Mort could imagine the look in his own eyes. Horror, disbelief and shock. He sat on the bed, feeling ice trickling into his bloodstream.
"Your wife is dead, Mort."
"I know."
I know. I know you stupid bitch, I killed her!
"SHUT UP!"Dr Carlton leaped in her seat. Mort pressed a hand to his forehead, rubbing hard.
"Sorry, sorry, I wasn't talking to you…"
"What?"
"It's Shooter, he keeps, talking to me."
Dr Carlton stared at him.
"What? You saw him. He's real. Sometimes he takes over. I don't know why he's there! I don't want him there! He made me kill my wife, my lovely, beautiful wife! And then he torched my house!"
Mort felt the entire group of events threatening to overwhelm him. If it did, Shooter would be there, slipping happily into control and doing all sorts of evil things with Mort's body and DNA. He knew it.
"What could have triggered this, Mr Rainey?"
"Please, don't call me that!"
"Mort! Sorry, Mort."
He rested his head in his hands, and watched the world outside the window. Somewhere out there, people were getting married, living happily ever after, having children…

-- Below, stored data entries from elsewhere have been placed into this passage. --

(* Assume each $f_i$ is $\sigma_i$-strongly convex with $L_i$-Lipschitz continuous gradient. Then for all $\lambda,\bar\lambda\in\mathbb{D}$, \[ d(\lambda)\ \ge\ d(\bar\lambda)+\langle \nabla d(\bar\lambda),\lambda-\bar\lambda\rangle-\tfrac12\|\lambda-\bar\lambda\|_W^2 . \]
   Context: Standing setup. Consider $\min_{z}\ f(z)=\sum_{i=1}^M f_i(z_i)$ subject to $Az=b$, $Cz\le c$, where $z=(z_1,\dots,z_M)$, $z_i\in\mathbb{R}^{n_i}$, $n=\sum_i n_i$, $A\in\mathbb{R}^{p\times n}$, $C\in\mathbb{R}^{q\times n}$, $b\in\mathbb{R}^p$, $c\in\mathbb{R}^q$, and each $f_i:\mathbb{R}^{n_i}\to\mathbb{R}$ is convex. The rows are partitioned into $\bar M$ blocks: $A$ has blocks $A_{ji}\in\mathbb{R}^{p_j\times n_i}$ and $C$ has blocks $C_{ji}\in\mathbb{R}^{q_j\times n_i}$ ($j=1,\dots,\bar M$, $i=1,\dots,M$, $\sum_j p_j=p$, $\sum_j q_j=q$). A matrix $E\in\{0,1\}^{\bar M\times M}$ is given such that $E_{ji}=0$ implies $A_{ji}=0$ and $C_{ji}=0$. Let $\bar{\mathcal N}_i=\{j: E_{ji}\neq 0\}$ and $\mathcal N_j=\{i:E_{ji}\ne 0\}$. Let $G=\begin{bmatrix}A\\ C\end{bmatrix}$, $g=\begin{bmatrix}b\\ c\end{bmatrix}$, dual variable $\lambda=(\nu,\mu)\in\mathbb{R}^p\times\mathbb{R}^q$, and $\mathbb{D}=\mathbb{R}^p\times\mathbb{R}^q_+$. The Lagrangian is $\mathcal L(z,\lambda)=f(z)+\langle\lambda,Gz-g\rangle$ and the dual function is $d(\lambda)=\min_{z\in\mathbb{R}^n}\mathcal L(z,\lambda)$; under strong convexity of $f$ it is differentiable with $\nabla d(\lambda)=Gz(\lambda)-g$, where $z(\lambda)$ is the unique minimizer of $\mathcal L(\cdot,\lambda)$. For each $i$, let $L_{d_i}=\big\|\begin{bmatrix}[A_{ji}]_{j\in\bar{\mathcal N}_i}\\ [C_{ji}]_{j\in\bar{\mathcal N}_i}\end{bmatrix}\big\|^2/\sigma_i$ (spectral norm of the stacked column blocks). Let $W=\mathrm{diag}(W_\nu,W_\mu)$ with $W_\nu=\mathrm{diag}\big(\sum_{i\in\mathcal N_j}L_{d_i}I_{p_j};\ j=1,\dots,\bar M\big)$ and $W_\mu=\mathrm{diag}\big(\sum_{i\in\mathcal N_j}L_{d_i}I_{q_j};\ j=1,\dots,\bar M\big)$. For $x$ and positive semidefinite $W$, $\|x\|_W=\sqrt{x^TWx}$. *)

theory Defs
  imports Complex_Main
begin

text \<open>Vectors of R^m are represented as functions nat => real vanishing at indices >= m.
  Block vectors z = (z_1,...,z_M), z_i in R^(n i), are functions nat => nat => real
  (block index, coordinate).  Dual variables nu, mu are functions nat => nat => real
  indexed by (row block j, row r).\<close>

definition vecs :: "nat \<Rightarrow> (nat \<Rightarrow> real) set" where
  "vecs m = {x. \<forall>k. m \<le> k \<longrightarrow> x k = 0}"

"…Amy, my wife… ex-wife, she…" he took a gulp "lost our baby."
The silence seemed unfittingly normal. He'd expected horror, pain, but all he got was a feeling of closure, of having said it, and it being out there, not eating at him.
Then something did happen. Dr Carlton stood up, put her clipboard neatly on her chair, and sat down next to him, resting a comforting hand on his shoulder.
"I know."
"Really?"
"Hmmm. And I know something else too."
Mort blinked. He felt salty liquid splashing against his eyelashes. He raised a hand to wipe the tears away, hoping that Shooter wasn't paying attention in this moment of extreme vulnerability.
"What?"
"I know a way to make John Shooter go away."